Потом они долго сидели на кухне, и Люда сквозь слезы проговаривала свою беду:
– Понимаете, она очень к отцу была привязана… С самого рождения… И даже нельзя сказать, что привязана, понимаете? Это… Это вообще безобразие какое-то… Будто я и не мать ей, а чужая женщина… Отцу вся любовь, а мне – ничего, ну просто ни капли! Да разве это нормально, доктор, скажите? Разве так у других бывает?
– А вы сами, Люда… Вы сами как к дочери относитесь? Может, вы свою обиду выражаете как-то?
– В смысле – выражаю?
– Ну… Сердитесь на дочь… Раздражаетесь…
– Да нет, что вы! Я ж наоборот… Уж я так и сяк перед ней выплясываю, чуть не гопака с выходом из-за печки танцую! Все время пытаюсь как-то до нее достучаться, а она молчит…
– Ничего, пусть молчит. Вы к ней не навязывайтесь, не надо.
– То есть… Как это? Мне что, вообще на нее никакого внимания не обращать, что ли? Пусть растет как чертополох на огороде? Нет, я так не могу, я же мать… Вы уж лучше лекарство какое для нее пропишите, чтобы она одумалась, осознала… Что ближе матери у нее теперь и нет никого…
– Люда, поймите… Я не говорю, что она должна расти как чертополох на огороде, нет… И да, вашего материнства никто отменять не собирается. Просто не надо его насаждать… как бы это сказать… слишком агрессивно, понимаете? Дайте себе отчет в том, что у девочки и впрямь была сильная привязка к отцу. И с его смертью она никуда не делась. Она просто другие формы приобрела, с трагической окраской. Поверьте, что девочке сейчас очень, очень тяжело…
– А вы думаете, я этого не понимаю, что ли? Я же мать, я все понимаю… И про эту привязку трагическую тоже все понимаю… Но неужели она никогда не исчезнет, эта привязка? Как думаете, доктор? Может, со временем?
– Боюсь, что нет, дорогая моя. Не исчезнет. Синдром Электры – очень тяжелая вещь…
– Что? Какой еще синдром? Объясните.
– Ну, это что-то вроде Эдипова комплекса, только наоборот… Не мать и сын друг к другу привязаны, а отец и дочь… И знаете, что я вам еще скажу, Люда? Может, это и хорошо, что ваш муж ушел… Да, как бы кощунственно это ни звучало… И все, и не спрашивайте у меня ничего больше, потому что никто и никогда не может предугадать, во что любой синдром может вылиться и преобразоваться…
– Погодите… Я сейчас совсем не поняла, что вы хотите сказать, доктор.
– И не надо. Не надо вам ничего понимать. Человеческая душа – это такие потемки, что, бывает, самый хороший специалист ничего там разглядеть не может. Так что мой вам совет – оставьте дочь в покое. Не приставайте к ней, не навязывайтесь. Чем больше вы будете навязываться, тем больше будете становиться врагом. Я думаю, что со временем все как-то образуется, Люда… Примет какие-то приемлемые формы – для вас обеих… Она повзрослеет, сможет сама в себе разобраться, да… Только она сама может изжить свой комплекс, понимаете? А чтобы изжить, надо его сначала в себе распознать, а потом уж как-то отработать… Но сейчас она слишком мала, чтобы…

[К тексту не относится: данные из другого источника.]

lemma prob_excess_nonpos_quadratic:
  assumes p: "0 \<le> p" "p \<le> 1" and T: "T \<subseteq> {..<n}" and l: "0 \<le> l" "l \<le> 1/2"
  shows "measure_pmf.prob (gnp n p) {G. excess n T G \<le> 0}
     \<le> exp (- (l * p * real (card T) * (real n - 2 * real (card T) + 1))
            + 3 * p * (1 - p) * l^2 * real (card T) * real n)"
proof -
  define C where "C = p * (1 - p) * l^2 * (3/2)"
  have "C \<ge> 0" using p by (simp add: C_def)
  have "measure_pmf.prob (gnp n p) {G. excess n T G \<le> 0}
      \<le> (\<Prod>e\<in>vertex_pairs n. 1 - p + p * exp (- l * pair_weight T e))"
    by (rule prob_excess_nonpos_le_mgf[OF p l(1)])
  also have "\<dots> \<le> exp (\<Sum>e\<in>vertex_pairs n. - (l * p) * pair_weight T e + C * (pair_weight T e)^2)"
  proof (intro prod_le_exp_sum conjI)
    fix e
    define y where "y = - l * pair_weight T e"
    have "\<bar>y\<bar> \<le> 1" using pair_weight_cases[of T e] l by (auto simp: y_def)
    then have "exp \<bar>y\<bar> \<le> 3" using exp_le by (meson exp_le_cancel_iff order_trans)
    then have "p * (1 - p) * y^2 * exp \<bar>y\<bar> / 2 \<le> p * (1 - p) * y^2 * 3 / 2"
      using p by (intro divide_right_mono mult_left_mono) auto
    then have quadratic: "p * y + p * (1 - p) * y^2 * exp \<bar>y\<bar> / 2 \<le> - (l * p) * pair_weight T e + C * (pair_weight T e)^2"
      by (simp add: y_def C_def power_mult_distrib algebra_simps)
    have "1 - p + p * exp y \<le> exp (p * y + p * (1 - p) * y^2 * exp \<bar>y\<bar> / 2)"
      by (rule bernoulli_mgf_le_exp_quadratic[OF p])
    also have "\<dots> \<le> exp (- (l * p) * pair_weight T e + C * (pair_weight T e)^2)"
      using quadratic by simp
    finally show "1 - p + p * exp (- l * pair_weight T e) \<le> exp (- (l * p) * pair_weight T e + C * (pair_weight T e)^2)"
      by (simp add: y_def)
    show "0 \<le> 1 - p + p * exp (- l * pair_weight T e)" using p by (intro add_nonneg_nonneg) auto
  qed
  also have "(\<Sum>e\<in>vertex_pairs n. - (l * p) * pair_weight T e + C * (pair_weight T e)^2)
      = - (l * p) * (\<Sum>e\<in>vertex_pairs n. pair_weight T e) + C * (\<Sum>e\<in>vertex_pairs n. (pair_weight T e)^2)"
    by (simp only: sum.distrib sum_distrib_left)
  also have "\<dots> \<le> - (l * p * real (card T) * (real n - 2 * real (card T) + 1))
                  + 3 * p * (1 - p) * l^2 * real (card T) * real n"
    using mult_left_mono[OF sum_pair_weight_squared_le[OF T] \<open>C \<ge> 0\<close>]
    by (simp add: sum_pair_weight[OF T] C_def algebra_simps)
  finally show ?thesis by simp
qed

section \<open>Small and large complements\<close>

lemma chernoff_exponent_small_set:
  fixes e t N :: real
  assumes e: "0 < e" "e \<le> 1" and t: "0 \<le> t" "t \<le> e^3 / 512 * N"
  shows "N * (1 - e / 4) \<le> (N - t) * (1 - e / 8) - t * (8 / e)^2 / 2"
proof -
  have "0 \<le> e^3 / 512 * N" using t by linarith
  then have "0 \<le> N" using e by (simp add: zero_le_mult_iff)
  have "e^3 = e * e^2" by (simp add: power3_eq_cube power2_eq_square)
  also have "\<dots> \<le> e" using e by (simp add: mult_left_le power_le_one)
  finally have "e^3 / 512 * N \<le> e / 16 * N"
    using e \<open>0 \<le> N\<close> by (intro mult_right_mono) auto
  then have t_le: "t \<le> e / 16 * N" using t by linarith
  have "t * (8 / e)^2 / 2 = t * 32 / e^2"
    using e by (simp add: power2_eq_square field_simps)
  also have "\<dots> \<le> (e^3 / 512 * N) * 32 / e^2"
    using t e by (intro divide_right_mono mult_right_mono) auto
  also have "\<dots> = e / 16 * N"
    using e by (simp add: power2_eq_square power3_eq_cube field_simps)
  finally have "t * (8 / e)^2 / 2 \<le> e / 16 * N" .
  moreover have "t * (1 - e / 8) \<le> t" using t e by (simp add: mult_left_le)
  moreover have "N * (1 - e / 4) = N - e / 8 * N - e / 16 * N - e / 16 * N"
    by (simp add: field_simps)
  ultimately have "N * (1 - e / 4) \<le> N - e / 8 * N - t * (1 - e / 8) - t * (8 / e)^2 / 2"
    using t_le by linarith
  also have "\<dots> = (N - t) * (1 - e / 8) - t * (8 / e)^2 / 2"
    by (simp add: field_simps)
  finally show ?thesis .
qed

– Значит, ничем вы мне не помогли, доктор… Что ж… – тихо вздохнула Люда, протягивая Леониду Сергеевичу конверт с деньгами. – Вот, возьмите…
– Нет, нет, я не возьму! Уберите, уберите! – с сожалением отвел он от себя Людину руку. – Если вы считаете, что я вам не помог, я не возьму…

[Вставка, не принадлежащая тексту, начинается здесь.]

text \<open>
  The classifying bijection \<open>\<X> \<mapsto> \<sigma>(\<X>)\<close> is an isomorphism of inclusion orders, so a prime
  thick subcategory corresponds to a specialization-closed set \<open>W\<close> with a unique minimal strict
  enlargement. Each \<open>Y\<^sub>x = {y. x \<notin> cl {y}}\<close> has one, namely \<open>Y\<^sub>x \<union> cl {x}\<close>. Conversely, in a
  noetherian space every point outside \<open>W\<close> specializes to a point \<open>w\<close> outside \<open>W\<close> with minimal
  closure, and \<open>W \<union> cl {w}\<close> is then a minimal enlargement; uniqueness forces all these to
  coincide, which gives \<open>W = Y\<^sub>x\<close>. Sobriety makes \<open>x\<close> unique, so \<open>x \<mapsto> {M. x \<notin> \<sigma>(M)}\<close> is a
  bijection onto the spectrum. It is continuous because the preimage of \<open>Z(\<E>)\<close> is the
  intersection of the \<open>\<sigma>(M)\<close> with \<open>M \<in> \<E>\<close>, and closed because, by noetherian induction, every
  closed set is a finite union of irreducible closed sets, each of which is the closure of a
  point and hence some \<open>\<sigma>(M)\<close>, whose image is \<open>Z({M})\<close>.
\<close>

section \<open>Unique covers in a family of sets\<close>

definition covers :: "('a set \<Rightarrow> bool) \<Rightarrow> 'a set \<Rightarrow> 'a set \<Rightarrow> bool" where
  "covers S P Q \<longleftrightarrow> S Q \<and> P \<subset> Q \<and> (\<forall>V. S V \<and> P \<subset> V \<and> V \<subseteq> Q \<longrightarrow> V = Q)"

definition has_unique_cover :: "('a set \<Rightarrow> bool) \<Rightarrow> 'a set \<Rightarrow> bool" where
  "has_unique_cover S P \<longleftrightarrow> (\<exists>!Q. covers S P Q)"

lemma prime_thick_iff_has_unique_cover:
  "prime_thick C \<P> \<longleftrightarrow> thick C \<P> \<and> has_unique_cover (thick C) \<P>"
  by (simp add: prime_thick_def has_unique_cover_def covers_def)

lemma least_strict_superset_imp_has_unique_cover:
  assumes "S Q" "P \<subset> Q" and least: "\<And>V. S V \<Longrightarrow> P \<subset> V \<Longrightarrow> Q \<subseteq> V"
  shows "has_unique_cover S P"
proof -
  have "covers S P Q"
    using assms unfolding covers_def by blast
  moreover have "Q' = Q" if "covers S P Q'" for Q'
    using that least[of Q'] assms(1,2) unfolding covers_def by blast
  ultimately show ?thesis
    unfolding has_unique_cover_def by blast
qed

lemma has_unique_cover_transfer:
  assumes f: "\<And>A. S A \<Longrightarrow> T (f A) \<and> g (f A) = A"
    and g: "\<And>B. T B \<Longrightarrow> S (g B) \<and> f (g B) = B"
    and "mono f" "mono g" "S P"
  shows "has_unique_cover T (f P) \<longleftrightarrow> has_unique_cover S P"
proof -
  have subset_iff: "f A \<subseteq> f A' \<longleftrightarrow> A \<subseteq> A'" if "S A" "S A'" for A A'
    using that f \<open>mono f\<close> \<open>mono g\<close> by (metis monoD)
  have covers_iff: "covers T (f P) (f Q) \<longleftrightarrow> covers S P Q" if "S Q" for Q
    unfolding covers_def
    by (smt (verit, best) \<open>S P\<close> that f g subset_iff psubset_eq)
  have "(\<exists>!B. covers T (f P) B) \<longleftrightarrow> (\<exists>!A. covers S P A)"
    by (smt (verit, ccfv_threshold) covers_def covers_iff f g)
  then show ?thesis
    unfolding has_unique_cover_def .
qed

section \<open>Specialization-closed sets\<close>

lemma closure_of_singleton_subset:
  "y \<in> X closure_of {x} \<Longrightarrow> X closure_of {y} \<subseteq> X closure_of {x}"
  by (simp add: closure_of_minimal)

lemma in_closure_of_singleton: "x \<in> topspace X \<Longrightarrow> x \<in> X closure_of {x}"
  using closure_of_subset[of "{x}" X] by blast

lemma spec_closed_iff:
  "spec_closed X W \<longleftrightarrow> W \<subseteq> topspace X \<and> (\<forall>v\<in>W. X closure_of {v} \<subseteq> W)"
proof
  assume "spec_closed X W"
  then obtain \<C> where \<C>: "\<And>Z. Z \<in> \<C> \<Longrightarrow> closedin X Z" and W: "W = \<Union>\<C>"
    unfolding spec_closed_def by blast
  show "W \<subseteq> topspace X \<and> (\<forall>v\<in>W. X closure_of {v} \<subseteq> W)"
  proof (intro conjI ballI)
    show "W \<subseteq> topspace X"
      using \<C> closedin_subset W by blast
    fix v assume "v \<in> W"
    then obtain Z where "Z \<in> \<C>" "v \<in> Z"
      using W by blast
    then have "X closure_of {v} \<subseteq> Z"
      using \<C> by (simp add: closure_of_minimal)
    then show "X closure_of {v} \<subseteq> W"
      using \<open>Z \<in> \<C>\<close> W by blast
  qed
next
  assume W: "W \<subseteq> topspace X \<and> (\<forall>v\<in>W. X closure_of {v} \<subseteq> W)"
  have "W = \<Union>((\<lambda>v. X closure_of {v}) ` W)"
  proof
    show "W \<subseteq> \<Union>((\<lambda>v. X closure_of {v}) ` W)"
      using W in_closure_of_singleton by fast
  qed (use W in blast)
  then show "spec_closed X W"
    unfolding spec_closed_def by (intro exI[of _ "(\<lambda>v. X closure_of {v}) ` W"]) auto
qed

lemma spec_closed_closedin: "closedin X K \<Longrightarrow> spec_closed X K"
  unfolding spec_closed_def by (rule exI[of _ "{K}"]) auto

lemma spec_closed_Un: "spec_closed X A \<Longrightarrow> spec_closed X B \<Longrightarrow> spec_closed X (A \<union> B)"
  unfolding spec_closed_iff by blast

definition non_generizations :: "'a topology \<Rightarrow> 'a \<Rightarrow> 'a set" where
  "non_generizations X x = {y \<in> topspace X. x \<notin> X closure_of {y}}"

lemma spec_closed_non_generizations: "spec_closed X (non_generizations X x)"
proof -
  have "X closure_of {v} \<subseteq> non_generizations X x" if "v \<in> non_generizations X x" for v
  proof
    fix y assume "y \<in> X closure_of {v}"
    then have "y \<in> topspace X" "X closure_of {y} \<subseteq> X closure_of {v}"
      using closure_of_subset_topspace closure_of_singleton_subset by fastforce+
    then show "y \<in> non_generizations X x"
      using that unfolding non_generizations_def by blast
  qed
  then show ?thesis
    unfolding spec_closed_iff non_generizations_def by blast
qed

lemma not_in_non_generizations: "x \<in> topspace X \<Longrightarrow> x \<notin> non_generizations X x"
  by (simp add: non_generizations_def in_closure_of_singleton)

lemma subset_non_generizations:
  "spec_closed X W \<Longrightarrow> x \<notin> W \<Longrightarrow> W \<subseteq> non_generizations X x"
  unfolding spec_closed_iff non_generizations_def by blast

lemma non_generizations_has_unique_cover:
  assumes "x \<in> topspace X"
  shows "has_unique_cover (spec_closed X) (non_generizations X x)"
proof (rule least_strict_superset_imp_has_unique_cover)
  show "spec_closed X (non_generizations X x \<union> X closure_of {x})"
    by (simp add: spec_closed_Un spec_closed_closedin spec_closed_non_generizations)
  have "x \<notin> non_generizations X x" "x \<in> X closure_of {x}"
    using assms by (simp_all add: not_in_non_generizations in_closure_of_singleton)
  then show "non_generizations X x \<subset> non_generizations X x \<union> X closure_of {x}"
    by blast
  fix V assume V: "spec_closed X V" "non_generizations X x \<subset> V"
  then obtain v where "v \<in> V" "v \<notin> non_generizations X x"
    by blast
  then have "x \<in> X closure_of {v}" "X closure_of {v} \<subseteq> V"
    using V(1) unfolding spec_closed_iff non_generizations_def by auto
  then have "X closure_of {x} \<subseteq> V"
    using closure_of_singleton_subset[of x X v] by blast
  then show "non_generizations X x \<union> X closure_of {x} \<subseteq> V"
    using V(2) by blast
qed

section \<open>Noetherian and sober spaces\<close>

lemma noetherian_space_wf:
  assumes "noetherian_space X"
  shows "wf {(S, T). closedin X S \<and> closedin X T \<and> S \<subset> T}"
proof -
  have "\<nexists>F. \<forall>k. (F (Suc k), F k) \<in> {(S, T). closedin X S \<and> closedin X T \<and> S \<subset> T}"
  proof
    assume "\<exists>F. \<forall>k. (F (Suc k), F k) \<in> {(S, T). closedin X S \<and> closedin X T \<and> S \<subset> T}"
    then obtain F where "\<forall>k. (F (Suc k), F k) \<in> {(S, T). closedin X S \<and> closedin X T \<and> S \<subset> T}"
      by (rule exE)
    then have F: "\<forall>k. closedin X (F k)" "\<And>k. F (Suc k) \<subset> F k"
      by simp_all
    then obtain N where N: "\<forall>k\<ge>N. F k = F N"
      using assms unfolding noetherian_space_def by (meson less_imp_le)
    have "F (Suc N) = F N"
      using N[rule_format, of "Suc N"] by simp
    with F(2)[of N] show False
      by simp
  qed
  then show ?thesis
    by (simp add: wf_iff_no_infinite_down_chain)
qed

lemma noetherian_closedin_induct [consumes 2, case_names less]:
  assumes "noetherian_space X" "closedin X K"
    and "\<And>K. closedin X K \<Longrightarrow> (\<And>K'. closedin X K' \<Longrightarrow> K' \<subset> K \<Longrightarrow> P K') \<Longrightarrow> P K"
  shows "P K"
proof -
  have "closedin X K \<longrightarrow> P K"
    by (induction K rule: wf_induct_rule[OF noetherian_space_wf[OF assms(1)]])
      (use assms(3) in blast)
  then show ?thesis
    using assms(2) by blast
qed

Они поспорили еще немного, но доктор настоял на своем. После его ухода Люда снова села за стол, огладила рукой лежащий на нем конверт, задумалась…
Не навязываться, значит. Даже как-то оскорбительно звучит. Нет, это ж надо было матери такое сказать! А воспитанием кто будет заниматься? Жизни учить? В люди выводить? И вообще… Что значит не навязываться? Нормальная материнская забота о ребенке – это всего лишь навязывание? А не навязываться – это значит что? Плюнуть на ребенка, да? Этот доктор и сам не понимает, что сказал! Оттого и денег не взял, наверное! Сообразил, видать, какой глупый совет дал – не навязываться!
Ладно, без докторов обойдемся. Своими силами как-нибудь… Все равно обязанностей матери никто отменить не может. Вон даже в законе черным по белому написано – родители обязаны заботиться о своих детях! И она тоже будет заботиться и волю материнскую проявлять будет! А как без этого? Никак…
С тех пор и началась у них в доме тихая война. Люда перестала церемониться с Таткой, применяя к ней те же методы воспитания, что когда-то применяла к Ирише с Леночкой. То есть требовала полной прозрачности дочернего бытия: где была, с кем была, зачем была, что там делала – мать все должна знать! И чтобы без глупостей и вранья было!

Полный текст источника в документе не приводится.